The study shows that a quarter of the participants died within a few years of being enrolled. As of Dec. 31, 2021, 117 of the 450 people had died since the study. Among them, 101 of the deaths were from the first wave, and 16 were from the second.

The median age of death was 64.6 years old, and the most common causes of death for people in the study were heart disease (14.5 percent), cancer (14.5 percent), and drug overdose (12 percent).

Nearly 40 percent of deaths occurred after the pandemic started in March 2020, but just three of those deaths were from COVID-19.

"Homelessness was a risk for everyone, and those who remained homeless were about 80 percent more likely to die than those who were able to return to housing," the study said.

The study is unique for its prospective design. Previous studies of mortality in homeless populations were retrospective and drew information from medical records. By contrast, the current study -- Health Outcomes of People Experiencing Homelessness in Older Middle agE (HOPE HOME) -- followed a group of people, whether or not they received health care, while many study participants had serious conditions that went untreated.

"We looked at how frequently people reported diagnosis of heart disease or cancer before dying of these diseases.
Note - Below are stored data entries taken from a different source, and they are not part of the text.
text \<open>Since \<open>B\<close> has rank \<open>n - 1\<close> and is orthogonal to \<open>\<beta>\<close>, the input can prescribe every velocity component
  except the one along \<open>\<beta>\<close>, and along every trajectory the level \<open>\<beta> \<bullet> x\<close> moves with speed
  \<open>drift x = \<beta> \<bullet> (A x + a)\<close>, which is \<open>\<le> 0\<close> on \<open>P\<close>. Hence levels never increase inside \<open>P\<close>: a point
  strictly below the lowest level of \<open>F\<close> can never reach it, and a point on the lowest level can only
  stay there, which forces both it and the endpoint into the equilibrium set \<open>\<O> = {drift = 0}\<close>. On the
  top face of \<open>P\<close>, if it consists of equilibria, the drift vanishes to first order in the depth
  below the top, so by a Gronwall estimate trajectories starting there never leave it.

  Conversely, controllability yields a vector \<open>e\<close> tangent to the level sets along which the drift
  grows at unit rate. Quadratic Bezier arcs \<open>p \<rightarrow> q\<close> whose control point \<open>r\<close> has the right level and
  drift are trajectories; moving \<open>r\<close> along \<open>e\<close> corrects its drift, which is possible whenever
  \<open>P\<close> contains a ball around the natural control point. Chaining such arcs through a tube in the
  interior of \<open>P\<close> connects any point to any lower point, provided neither lies on a level
  consisting only of equilibria; the remaining cases are handled within a single level.\<close>

lemma sorted_wrt_less_hd_last:
  fixes xs :: "real list"
  shows "sorted_wrt (<) xs \<Longrightarrow> x \<in> set xs \<Longrightarrow> hd xs \<le> x \<and> x \<le> last xs"
proof (induction xs)
  case (Cons b xs)
  show ?case
  proof (cases "xs = []")
    case False
    have h: "\<forall>y\<in>set xs. b < y" "sorted_wrt (<) xs" using Cons.prems by auto
    moreover have "last xs \<in> set xs" using False by simp
    ultimately show ?thesis using Cons.prems(2) Cons.IH[OF h(2)] False by fastforce
  qed (use Cons in simp)
qed simp
lemma strict_mono_on_F: "strict_mono_on {0..1} F"
proof (rule strict_mono_onI)
  fix x y :: real assume "x \<in> {0..1}" "y \<in> {0..1}" "x < y"
  then show "F x < F y" using mono_onD[OF mono_F, of x y] not_flat[of x y] by (auto simp: flat_def)
qed

lemma F_of_rat: "0 \<le> q \<Longrightarrow> q \<le> 1 \<Longrightarrow> F (of_rat q) = interrobang_rat q"
proof (induction q rule: interrobang_rat.induct)
  case (1 q)
  consider "q = 0" | "0 < q" "q \<le> 1/2" | "1/2 < q" "q \<le> 1" using "1.prems" by fastforce
  then show ?case
  proof cases
    case 1
    then show ?thesis using anchored_F by (simp add: anchored_def)
  next
    case 2
    have x: "0 < (of_rat q :: real)" "(of_rat q :: real) \<le> 1/2"
      using 2 of_rat_less_eq[of q "1/2"] by (auto simp: of_rat_divide)
    have "F (of_rat (frac (1/q))) = interrobang_rat (frac (1/q))"
      using "1.IH"(1) 2 frac_lt_1[of "1/q"] by (simp add: frac_ge_0 less_imp_le)
    moreover have "\<lfloor>1 / (of_rat q :: real)\<rfloor> = \<lfloor>1/q\<rfloor>"
      by (metis of_rat_floor of_rat_1 of_rat_divide)
    moreover have "frac (of_rat r :: real) = of_rat (frac r)" for r
      by (simp add: frac_def of_rat_diff)
    then have "frac (1 / (of_rat q :: real)) = of_rat (frac (1/q))"
      using of_rat_divide[of 1 q] by (metis of_rat_1)
    ultimately show ?thesis
      using fixed[of "of_rat q"] interrobang_op_le_half[OF x, of F] x 2
      by (subst interrobang_rat.simps) simp
  next
    case 3
    have x: "1/2 < (of_rat q :: real)" "(of_rat q :: real) \<le> 1"
      using 3 of_rat_less[of "1/2" q] by (auto simp: of_rat_divide)
    have "F (of_rat (1/q - 1)) = interrobang_rat (1/q - 1)"
      using "1.IH"(2) 3 by (simp add: field_simps)
    moreover have "F (of_rat (1 - q)) = interrobang_rat (1 - q)"
      using "1.IH"(3) 3 by simp
    ultimately show ?thesis
      using fixed[of "of_rat q"] interrobang_op_gt_half[OF x, of F] x 3
      by (subst interrobang_rat.simps) (simp add: of_rat_diff of_rat_divide)
  qed
qed
(* Let $n\ge 1$, let $\mathbf{A}\in\mathbb{R}^{n\times n}$ be symmetric positive semidefinite, $\mathbf{b}\in\mathbb{R}^n$, and let $h(\mathbf{x})=\sum_{i=1}^n \varphi(\mathbf{x}_i)$, where $\varphi:\mathbb{R}\to\mathbb{R}\cup\{+\infty\}$ is proper, lower semicontinuous and convex. Put $f(\mathbf{x})=\tfrac12\mathbf{x}^T\mathbf{A}\mathbf{x}+\mathbf{x}^T\mathbf{b}+h(\mathbf{x})$. Write $\mathbf{A}=\mathbf{L}+\mathbf{D}+\mathbf{L}^T$, where $\mathbf{D}$ is the diagonal part and $\mathbf{L}$ the strictly lower triangular part of $\mathbf{A}$. Fix $\omega\in(0,2)$ and $\theta\in[0,\infty)$ with $\mathbf{D}_{i,i}+\theta>0$ for all $i$. Set $\mathbf{B}=\mathbf{L}+\tfrac1\omega(\mathbf{D}+\theta\mathbf{I})$ and $\mathbf{C}=\mathbf{L}^T+\tfrac1\omega((\omega-1)\mathbf{D}-\theta\mathbf{I})$, so that $\mathbf{A}=\mathbf{B}+\mathbf{C}$. For $\mathbf{x}\in\mathbb{R}^n$ let $\mathcal{T}(\mathbf{x})$ be the unique $\mathbf{z}\in\mathbb{R}^n$ with $\mathbf{0}\in\mathbf{B}\mathbf{z}+\mathbf{b}+\mathbf{C}\mathbf{x}+\partial h(\mathbf{z})$. Then for all $\mathbf{x},\mathbf{y}\in\mathbb{R}^n$: (a) there exists $\mathbf{v}\in\partial h(\mathcal{T}(\mathbf{x}))$ such that $\|\mathbf{A}\mathcal{T}(\mathbf{x})+\mathbf{b}+\mathbf{v}\|\le\|\mathbf{C}\|\,\|\mathbf{x}-\mathcal{T}(\mathbf{x})\|$; (b) $f(\mathcal{T}(\mathbf{y}))-f(\mathbf{x})\le\langle\mathcal{T}(\mathbf{y})-\mathbf{x},\,\mathbf{C}(\mathcal{T}(\mathbf{y})-\mathbf{y})\rangle-\tfrac12(\mathbf{x}-\mathcal{T}(\mathbf{y}))^T\mathbf{A}(\mathbf{x}-\mathcal{T}(\mathbf{y}))$.
   Context: $\partial h$ denotes the convex subdifferential. $\|\cdot\|$ is the Euclidean norm on vectors and the spectral norm (largest singular value) on matrices. Since $\mathbf{B}$ is lower triangular with positive diagonal and $h$ is separable, $\mathcal{T}(\mathbf{x})$ is well defined and can be computed by forward substitution: with $\mathbf{u}=\mathbf{b}+\mathbf{C}\mathbf{x}$, for $j=1,\dots,n$, $\mathbf{z}_j=\arg\min_t \tfrac12\mathbf{B}_{j,j}t^2+(\mathbf{u}_j+\sum_{i<j}\mathbf{B}_{j,i}\mathbf{z}_i)t+\varphi(t)$. *)

theory Defs
  imports "HOL-Analysis.Analysis"
begin

definition proper_fun :: "(real \<Rightarrow> ereal) \<Rightarrow> bool" where
  "proper_fun \<phi> \<longleftrightarrow> (\<forall>t. \<phi> t \<noteq> -\<infinity>) \<and> (\<exists>t. \<phi> t \<noteq> \<infinity>)"

definition lsc_fun :: "(real \<Rightarrow> ereal) \<Rightarrow> bool" where
  "lsc_fun \<phi> \<longleftrightarrow> (\<forall>t. \<phi> t \<le> Liminf (at t) \<phi>)"

definition convex_ext :: "(real \<Rightarrow> ereal) \<Rightarrow> bool" where
  "convex_ext \<phi> \<longleftrightarrow> (\<forall>s t u. 0 < u \<and> u < 1 \<longrightarrow>
      \<phi> (u * s + (1 - u) * t) \<le> ereal u * \<phi> s + ereal (1 - u) * \<phi> t)"

definition sep_fun :: "(real \<Rightarrow> ereal) \<Rightarrow> real^('n::{finite,linorder}) \<Rightarrow> ereal" where
  "sep_fun \<phi> x = (\<Sum>i\<in>UNIV. \<phi> (x $ i))"

definition subdiff :: "('a::real_inner \<Rightarrow> ereal) \<Rightarrow> 'a \<Rightarrow> 'a set" where
  "subdiff h z = {v. \<forall>w. h z + ereal (inner v (w - z)) \<le> h w}"

definition diag_part :: "real^('n::{finite,linorder})^('n::{finite,linorder}) \<Rightarrow> real^('n::{finite,linorder})^('n::{finite,linorder})" where
  "diag_part A = (\<chi> i j. if i = j then A $ i $ j else 0)"

definition strict_lower :: "real^('n::{finite,linorder})^('n::{finite,linorder}) \<Rightarrow> real^('n::{finite,linorder})^('n::{finite,linorder})" where
  "strict_lower A = (\<chi> i j. if j < i then A $ i $ j else 0)"

definition sor_B :: "real^('n::{finite,linorder})^('n::{finite,linorder}) \<Rightarrow> real \<Rightarrow> real \<Rightarrow> real^('n::{finite,linorder})^('n::{finite,linorder})" where
  "sor_B A \<omega> \<theta> = strict_lower A + (1/\<omega>) *\<^sub>R (diag_part A + \<theta> *\<^sub>R mat 1)"

definition sor_C :: "real^('n::{finite,linorder})^('n::{finite,linorder}) \<Rightarrow> real \<Rightarrow> real \<Rightarrow> real^('n::{finite,linorder})^('n::{finite,linorder})" where
  "sor_C A \<omega> \<theta> = transpose (strict_lower A)
      + (1/\<omega>) *\<^sub>R ((\<omega> - 1) *\<^sub>R diag_part A - \<theta> *\<^sub>R mat 1)"

definition sor_T :: "real^('n::{finite,linorder})^('n::{finite,linorder}) \<Rightarrow> real^('n::{finite,linorder}) \<Rightarrow> (real \<Rightarrow> ereal) \<Rightarrow> real \<Rightarrow> real
     \<Rightarrow> real^('n::{finite,linorder}) \<Rightarrow> real^('n::{finite,linorder})" where
  "sor_T A b \<phi> \<omega> \<theta> x = (THE z. - (sor_B A \<omega> \<theta> *v z + b + sor_C A \<omega> \<theta> *v x) \<in> subdiff (sep_fun \<phi>) z)"
theorem lemma2:
  fixes n k :: nat and es :: "(nat \<times> nat) list" and s :: "sym list"
  assumes edges: "\<forall>(r, t) \<in> set es. 1 \<le> r \<and> r < t \<and> t \<le> n"
    and simple: "distinct es"
    and k3: "k \<ge> 3"
    and s_alph: "set s \<subseteq> alphabet n k"
    and s_len: "length s = k + 1"
    and close: "\<forall>i j. 1 \<le> i \<and> i < j \<and> j \<le> k \<longrightarrow>
        (\<exists>u t v. choice_string k es i j = u @ t @ v \<and> length t = k + 1 \<and> hamming t s \<le> k - 2)"
  shows "(\<forall>p < k. \<exists>r. 1 \<le> r \<and> r \<le> n \<and> s ! p = Sig r) \<and> s ! k = Hash"
proof -
  interpret close_center k es s
    using k3 s_len close by unfold_locales blast+
  have "\<exists>r. 1 \<le> r \<and> r \<le> n \<and> s ! p = Sig r" if p: "p < k" for p
  proof -
    obtain r where r: "s ! p = Sig r"
      using is_Sig_nth[OF p] by (cases "s ! p") auto
    have "s ! p \<in> alphabet n k" using s_alph s_len p by (auto intro: nth_mem)
    then show ?thesis using r unfolding alphabet_def by auto
  qed
  then show ?thesis using nth_k_eq_Hash by blast
qed

end
(* Fix integers $n\ge2$ and $1\le r\le n/2$. For every integer $2\le x\le n$, \[ q_r(x)\le\Big(1+\frac{r^x}{(n-r)^x}\Big)\Big(1-\frac xn\Big)^r \quad\text{and}\quad q_r(x)\le 1-2\frac rn\Big(1-\frac rn\Big). \] Furthermore, for any random variable $X$ with values in $\{0,\dots,n\}$, \[ \mathbb{E}q_r(X)\le 1-\frac rn\mathbb{E}X1(X\ge2)+\frac{r^2}{(n-r)^2}\mathbb{P}(X\ge2)+\frac12\frac{r^2}{n^2}\mathbb{E}X^21(X\ge2) \] and \[ \mathbb{E}q_r(X)\le\mathbb{P}(X<2)+e^{-2\frac rn(1-\frac rn)}\mathbb{P}(X\ge2). \]
   Context: For integers $1\le r\le n/2$ and $0\le x\le n$, $q_r(x)$ denotes the probability that a subset of size $x$ sampled uniformly at random from $\{1,\dots,n\}$ is either fully contained in $\{1,\dots,r\}$ or fully contained in $\{r+1,\dots,n\}$ (so $q_r(x)=1$ for $x\le1$). *)

theory Defs
  imports "HOL-Probability.Probability"
begin

text \<open>q n r x: probability that a uniformly random x-subset of {1..n} is contained
  in {1..r} or in {r+1..n}.\<close>
definition q :: "nat \<Rightarrow> nat \<Rightarrow> nat \<Rightarrow> real" where
  "q n r x = real (card {S. S \<subseteq> {1..n} \<and> card S = x \<and>
                           (S \<subseteq> {1..r} \<or> S \<subseteq> {r+1..n})})
             / real (n choose x)"

end

theory Submission imports Defs begin

text \<open>Counting the two kinds of admissible subsets gives
  \<open>q n r x = (C(r,x) + C(n-r,x)) / C(n,x)\<close>. Removing one element from a ground set of size
  \<open>m \<le> n\<close> multiplies the number of \<open>x\<close>-subsets by \<open>(m-x)/m \<le> 1 - x/n\<close>, so
  \<open>C(n-r,x) \<le> C(n,x) (1-x/n)^r\<close>; term by term \<open>C(r,x) (n-r)^x \<le> r^x C(n-r,x)\<close>. The ratios \<open>C(m,x)/C(n,x)\<close>, \<open>m \<le> n\<close>, decrease in \<open>x\<close>,
  so \<open>q n r x \<le> q n r 2 = 1 - 2r(n-r)/(n(n-1))\<close>, which gives the second bound. The bounds on
  the expectations follow by averaging pointwise bounds, using
  \<open>(1-y)^r \<le> 1 - ry + r\<^sup>2y\<^sup>2/2\<close> for the first and \<open>1 - s \<le> e\<^sup>-\<^sup>s\<close> for the second.\<close>

lemma Suc_times_choose_Suc:
  "real (Suc k) * real (m choose Suc k) = real (m - k) * real (m choose k)"
  by (metis binomial_absorption binomial_absorb_comp of_nat_mult)

lemma real_choose_two: "real (m choose 2) = real m * (real m - 1) / 2"
proof -
  have "2 * real (m choose 2) = real (m - 1) * real m"
    using Suc_times_choose_Suc[of 1 m] by (simp only: Suc_1 choose_one of_nat_numeral)
  then show ?thesis by (cases m) (auto simp: algebra_simps)
qed

lemma choose_pred_le:
  assumes "m \<le> n"
  shows "real ((m - 1) choose x) \<le> (1 - real x / real n) * real (m choose x)"
proof (cases "x \<le> m \<and> 0 < m")
  case True
  have "real m * real x \<le> real n * real x" using assms by (intro mult_right_mono) auto
  then have "real m * real x / real n \<le> real x" by (simp add: divide_le_eq mult.commute)
  then have "real (m - x) \<le> real m * (1 - real x / real n)"
    using True by (simp add: of_nat_diff right_diff_distrib)
  moreover have "real m * real ((m - 1) choose x) = real (m - x) * real (m choose x)"
    by (metis binomial_absorb_comp of_nat_mult)
  ultimately have "real m * real ((m - 1) choose x) \<le> real m * (1 - real x / real n) * real (m choose x)"
    by (simp add: mult_right_mono)
  then show ?thesis using True by (simp add: mult.assoc)
next
  case False
  then consider "m < x" | "m = 0" by linarith
  then show ?thesis
  proof cases
    case 1
    then show ?thesis by (simp add: binomial_eq_0)
  next
    case 2
    then show ?thesis by (cases x) simp_all
  qed
qed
It was really low," said Rebecca Brown, affiliated assistant professor of medicine in the Division of Geriatrics at UCSF. "We think this represents a lack of access to care and delayed diagnosis. Often, we didn't even know people were ill because they didn't report it in their six-month interviews. But we found it on their death certificates."

"Becoming homeless late in life is a major shock to the system," said Margot Kushel, who directs the Benioff Housing and Homelessness Initiative and who is a professor of Medicine at UCSF and senior author of the study published in JAMA Internal Medicine.

"These untimely deaths highlight the critical need to prevent older adults from becoming homeless -- and of intervening and rehousing those that do, quickly," she added.